* SUPPLIED RECORDS
(* Let $k\ge1$, $n\ge 2k+1$ and $x\in X_{n,k}$. Then $W(f(x))=W(x)$ as multisets; consequently $W$ is constant along the cycle $C(x)=(x,f(x),f^2(x),\dots)$.
   Context: $X_{n,k}$: binary strings of length $n$ with $k$ ones, positions cyclic mod $n$. Cyclic parenthesis matching: $1$s are opening, $0$s closing brackets; each $1$ at position $i$ is matched to the last $0$ of the shortest cyclic substring starting at $i$ going right with equally many $0$s and $1$s; all $1$s are matched and $n-2k\ge1$ zeros are unmatched. $f(x)$ is obtained from $x$ by complementing all matched bits. A block of $x$ is a maximal cyclic substring of matched bits; each block is a nonempty Dyck word. $D$ is the set of Dyck words (equally many $0$s and $1$s, at least as many $1$s as $0$s in every prefix), including $\varepsilon$; $D'=\{1\,u\,0:u\in D\}$; every nonempty $y\in D$ factors uniquely as $y=y_1\cdots y_\ell$ with $y_i\in D'$. For a nonempty multiset $X$ of positive integers, $X\oplus 1$ increases one largest element by $1$. Define: for $y=1u0\in D'$, $W(y)=\{1\}$ if $u=\varepsilon$, else $W(u)\oplus1$; for nonempty $y\in D\setminus D'$, $W(y)=\bigcup_i W(y_i)$; $W(x)=\bigcup_{y\text{ block of }x}W(y)$ (multiset unions). *)

theory Defs
  imports Main "HOL-Library.Multiset"
begin

text \<open>Binary strings are lists of booleans; True = 1 (opening bracket), False = 0.\<close>

definition bin_strings :: "nat \<Rightarrow> nat \<Rightarrow> bool list set" where
  "bin_strings n k = {x. length x = n \<and> count_list x True = k}"

definition bal :: "bool list \<Rightarrow> int" where
  "bal xs = sum_list (map (\<lambda>b. if b then 1 else -1) xs)"

definition cyc :: "bool list \<Rightarrow> nat \<Rightarrow> nat \<Rightarrow> bool list" where
  "cyc x i j = map (\<lambda>t. x ! ((i + t) mod length x)) [0..<j]"

definition match_len :: "bool list \<Rightarrow> nat \<Rightarrow> nat" where
  "match_len x i = (LEAST j. 0 < j \<and> bal (cyc x i j) = 0)"

definition match_pos :: "bool list \<Rightarrow> nat \<Rightarrow> nat" where
  "match_pos x i = (i + match_len x i - 1) mod length x"

definition matched :: "bool list \<Rightarrow> nat set" where
  "matched x = {i. i < length x \<and> x ! i} \<union> {match_pos x i | i. i < length x \<and> x ! i}"

definition f :: "bool list \<Rightarrow> bool list" where
  "f x = map (\<lambda>i. if i \<in> matched x then \<not> x ! i else x ! i) [0..<length x]"

fun runs :: "(bool \<times> bool) list \<Rightarrow> bool list \<Rightarrow> bool list list" where
  "runs [] acc = (if acc = [] then [] else [rev acc])"
| "runs ((b, m) # ys) acc =
     (if m then runs ys (b # acc)
      else (if acc = [] then [] else [rev acc]) @ runs ys [])"

text \<open>Blocks: maximal cyclic runs of matched bits. We rotate so that the string starts
  at an unmatched position (which exists since n - 2k \<ge> 1); then cyclic runs are linear runs.\<close>
definition blocks :: "bool list \<Rightarrow> bool list list" where
  "blocks x = (let u = (LEAST i. i < length x \<and> i \<notin> matched x) in
     runs (rotate u (zip x (map (\<lambda>i. i \<in> matched x) [0..<length x]))) [])"

definition plus_one :: "nat multiset \<Rightarrow> nat multiset" where
  "plus_one X = X - {# Max (set_mset X) #} + {# Max (set_mset X) + 1 #}"

text \<open>Length of the first prime factor in D' of a Dyck word (first return to balance 0).\<close>
definition first_return :: "bool list \<Rightarrow> nat" where
  "first_return y = (if \<exists>j. 0 < j \<and> j \<le> length y \<and> bal (take j y) = 0
     then (LEAST j. 0 < j \<and> bal (take j y) = 0) else length y)"

text \<open>W on nonempty Dyck words: for y = y_1 ... y_l (l \<ge> 2) take the union W(y_1) + W(y_2 ... y_l);
  for y = 1u0 in D' take {1} if u is empty, else W(u) \<oplus> 1.\<close>
function Wd :: "bool list \<Rightarrow> nat multiset" where
  "Wd y = (if y = [] then {#} else
     (let j = first_return y in
      if 0 < j \<and> j < length y then Wd (take j y) + Wd (drop j y)
      else if butlast (tl y) = [] then {#1#}
      else plus_one (Wd (butlast (tl y)))))"
  by pat_completeness auto
termination
  by (relation "measure length") auto

definition W :: "bool list \<Rightarrow> nat multiset" where
  "W x = sum_list (map Wd (blocks x))"

end

theory Submission
  imports Defs
begin

text \<open>Rotate \<open>x\<close> into the form \<open>D\<^sub>1 0 D\<^sub>2 0 \<dots> D\<^sub>m 0\<close> with Dyck words \<open>D\<^sub>i\<close> (cycle lemma).
  Then the blocks of \<open>x\<close> are the \<open>D\<^sub>i\<close>, and \<open>f(x)\<close> is a rotation of the complemented string
  \<open>~D\<^sub>1 0 \<dots> ~D\<^sub>m 0\<close>, whose own blocks \<open>E\<^sub>j\<close> form a different Dyck factorisation.
  Deleting all peaks \<open>10\<close> from a Dyck word \<open>D\<close> leaves a Dyck word \<open>D'\<close>, and \<open>W(D)\<close> arises from
  \<open>W(D')\<close> by adding 1 to every element and then adding copies of 1, as many as are needed to
  reach \<open>|W(D)|\<close>, the number of peaks of \<open>D\<close>. Deleting peaks commutes with complementing the
  blocks up to rotation, so \<open>W(E) = W(D)\<close> reduces to the same claim for \<open>D'\<close> and \<open>E'\<close>, which have
  fewer ones: induction on the number of ones.\<close>

declare Wd.simps [simp del]

abbreviation ones :: "bool list \<Rightarrow> nat" where
  "ones xs \<equiv> count_list xs True"

lemma bal_Nil [simp]: "bal [] = 0"
  by (simp add: bal_def)

lemma bal_Cons [simp]: "bal (x # xs) = (if x then 1 else -1) + bal xs"
  by (simp add: bal_def)

lemma bal_append [simp]: "bal (xs @ ys) = bal xs + bal ys"
  by (simp add: bal_def)

lemma bal_eq_count: "bal xs = int (count_list xs True) - int (count_list xs False)"
  by (induction xs) auto

lemma count_True_add_count_False: "count_list xs True + count_list xs False = length xs"
  by (induction xs) auto

lemma count_list_rotate: "count_list (rotate r xs) a = count_list xs a"
  by (metis append_take_drop_id count_list_append add.commute rotate_drop_take)

lemma bal_rotate: "bal (rotate r xs) = bal xs"
  by (simp add: bal_eq_count count_list_rotate)

lemma count_map_Not: "count_list (map Not xs) True = count_list xs False"
  by (induction xs) auto

lemma rotate_inverse: "\<exists>s. xs = rotate s (rotate r xs)"
proof -
  have "rotate (length xs - r mod length xs) (rotate r xs) = xs"
  proof (cases "xs = []")
    case False
    have "rotate (length xs - r mod length xs) (rotate r xs)
        = rotate (length xs - r mod length xs + r mod length xs) xs"
      by (metis rotate_conv_mod rotate_rotate)
    also have "\<dots> = xs"
      using False by simp
    finally show ?thesis .
  qed simp
  then show ?thesis
    by metis
qed

subsection \<open>Dyck words\<close>

definition dyck :: "bool list \<Rightarrow> bool" where
  "dyck D \<longleftrightarrow> bal D = 0 \<and> (\<forall>j. 0 \<le> bal (take j D))"

lemma dyck_Nil [simp]: "dyck []"
  by (simp add: dyck_def)

lemma dyck_hd: "dyck D \<Longrightarrow> D \<noteq> [] \<Longrightarrow> hd D"
proof (cases D)
  case (Cons a l)
  assume "dyck D"
  then have "0 \<le> bal (take 1 D)"
    by (simp add: dyck_def)
  then show ?thesis
    using Cons by (cases a) auto
qed simp

lemma dyck_last: "dyck D \<Longrightarrow> D \<noteq> [] \<Longrightarrow> \<not> last D"
proof -
  assume d: "dyck D" and ne: "D \<noteq> []"
  have "0 \<le> bal (butlast D)"
    using d by (simp add: dyck_def butlast_conv_take)
  moreover have "bal D = bal (butlast D) + bal [last D]"
    using append_butlast_last_id[OF ne] by (metis bal_append)
  ultimately show ?thesis
    using d by (auto simp: dyck_def)
qed

lemma dyck_append: "dyck A \<Longrightarrow> dyck B \<Longrightarrow> dyck (A @ B)"
  unfolding dyck_def by (auto simp: take_append)

lemma dyck_wrap: "dyck u \<Longrightarrow> dyck (True # u @ [False])"
  unfolding dyck_def
  by (auto simp: take_Cons' take_append)

lemma count_False_dyck: "dyck D \<Longrightarrow> count_list D False = ones D"
  using bal_eq_count[of D] by (simp add: dyck_def)

lemma dyck_take_drop:
  assumes "dyck D" and "bal (take j D) = 0"
  shows "dyck (take j D)" and "dyck (drop j D)"
proof -
  have nonneg: "0 \<le> bal (take i D)" for i
    using assms(1) by (simp add: dyck_def)
  show "dyck (take j D)"
    using assms(2) nonneg by (simp add: dyck_def min_def)
  have "bal D = bal (take j D) + bal (drop j D)"
    by (metis append_take_drop_id bal_append)
  moreover have "take (j + i) D = take j D @ take i (drop j D)" for i
    by (simp add: take_add)
  ultimately show "dyck (drop j D)"
    using assms nonneg by (simp add: dyck_def) (metis bal_append add.left_neutral)
qed

lemma dyck_unwrap:
  assumes d: "dyck D" and ne: "D \<noteq> []"
    and prime: "\<And>i. 0 < i \<Longrightarrow> i < length D \<Longrightarrow> bal (take i D) \<noteq> 0"
  shows "\<exists>u. dyck u \<and> D = True # u @ [False]"
proof -
  obtain ys where D1: "D = True # ys"
    using dyck_hd[OF d ne] ne by (cases D) auto
  have "ys \<noteq> []"
    using d D1 by (auto simp: dyck_def)
  moreover have "\<not> last ys"
    using dyck_last[OF d ne] D1 \<open>ys \<noteq> []\<close> by simp
  ultimately have "ys = butlast ys @ [False]"
    using append_butlast_last_id[of ys] by (metis (full_types))
  then obtain u where Du: "D = True # u @ [False]"
    using D1 by metis
  have "0 \<le> bal (take i u)" for i
  proof (cases "i < length u")
    case True
    have "take (Suc i) D = True # take i u"
      using Du True by simp
    moreover have "0 \<le> bal (take (Suc i) D)"
      using d by (simp add: dyck_def)
    moreover have "bal (take (Suc i) D) \<noteq> 0"
      using prime[of "Suc i"] True Du by simp
    ultimately show ?thesis
      by simp
  next
    case False
    then show ?thesis
      using d Du by (simp add: dyck_def)
  qed
  then have "dyck u"
    using d Du by (simp add: dyck_def)
  then show ?thesis
    using Du by blast
qed

lemma dyck_decomp:
  assumes d: "dyck D" and ne: "D \<noteq> []"
  shows "(\<exists>u. dyck u \<and> D = True # u @ [False]) \<or>
         (\<exists>A B. dyck A \<and> dyck B \<and> A \<noteq> [] \<and> B \<noteq> [] \<and> D = A @ B)"
proof -
  define P where "P j \<longleftrightarrow> 0 < j \<and> bal (take j D) = 0" for j
  have PD: "P (length D)"
    using d ne by (simp add: P_def dyck_def)
  define j where "j = (LEAST j. P j)"
  have Pj: "P j"
    unfolding j_def using PD by (rule LeastI)
  have jle: "j \<le> length D"
    unfolding j_def using PD by (rule Least_le)
  show ?thesis
  proof (cases "j < length D")
    case True
    have "take j D \<noteq> []" "drop j D \<noteq> []"
      using True Pj by (auto simp: P_def)
    moreover have "dyck (take j D)" "dyck (drop j D)"
      using dyck_take_drop[OF d] Pj unfolding P_def by blast+
    ultimately show ?thesis
      by (intro disjI2 exI[of _ "take j D"] exI[of _ "drop j D"]) simp
  next
    case False
    have "bal (take i D) \<noteq> 0" if "0 < i" "i < length D" for i
      using not_less_Least[of i P] that False jle unfolding j_def P_def by simp
    then show ?thesis
      using dyck_unwrap[OF d ne] by blast
  qed
qed

lemma dyck_induct [consumes 1, case_names Nil wrap append]:
  assumes "dyck D"
    and "P []"
    and "\<And>u. dyck u \<Longrightarrow> P u \<Longrightarrow> P (True # u @ [False])"
    and "\<And>A B. dyck A \<Longrightarrow> dyck B \<Longrightarrow> A \<noteq> [] \<Longrightarrow> B \<noteq> [] \<Longrightarrow> P A \<Longrightarrow> P B \<Longrightarrow> P (A @ B)"
  shows "P D"
  using assms(1)
proof (induction "length D" arbitrary: D rule: less_induct)
  case less
  show ?case
  proof (cases "D = []")
    case False
    from dyck_decomp[OF less.prems False] show ?thesis
    proof (elim disjE exE conjE)
      fix u assume "dyck u" "D = True # u @ [False]"
      then show ?thesis
        using less assms(3) by simp
    next
      fix A B assume "dyck A" "dyck B" "A \<noteq> []" "B \<noteq> []" "D = A @ B"
      then show ?thesis
        using less assms(4) by simp
    qed
  qed (use assms(2) in simp)
qed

* ACTIVITY
Retype only this portion of the data above: the line containing "B \<Longrightarrow> A", the line containing "using less assms(3) by simp", and all lines between them, exactly.

* RESPONSE TO THE EXERCISE
    and "\<And>A B. dyck A \<Longrightarrow> dyck B \<Longrightarrow> A \<noteq> [] \<Longrightarrow> B \<noteq> [] \<Longrightarrow> P A \<Longrightarrow> P B \<Longrightarrow> P (A @ B)"
  shows "P D"
  using assms(1)
proof (induction "length D" arbitrary: D rule: less_induct)
  case less
  show ?case
  proof (cases "D = []")
    case False
    from dyck_decomp[OF less.prems False] show ?thesis
    proof (elim disjE exE conjE)
      fix u assume "dyck u" "D = True # u @ [False]"
      then show ?thesis
        using less assms(3) by simp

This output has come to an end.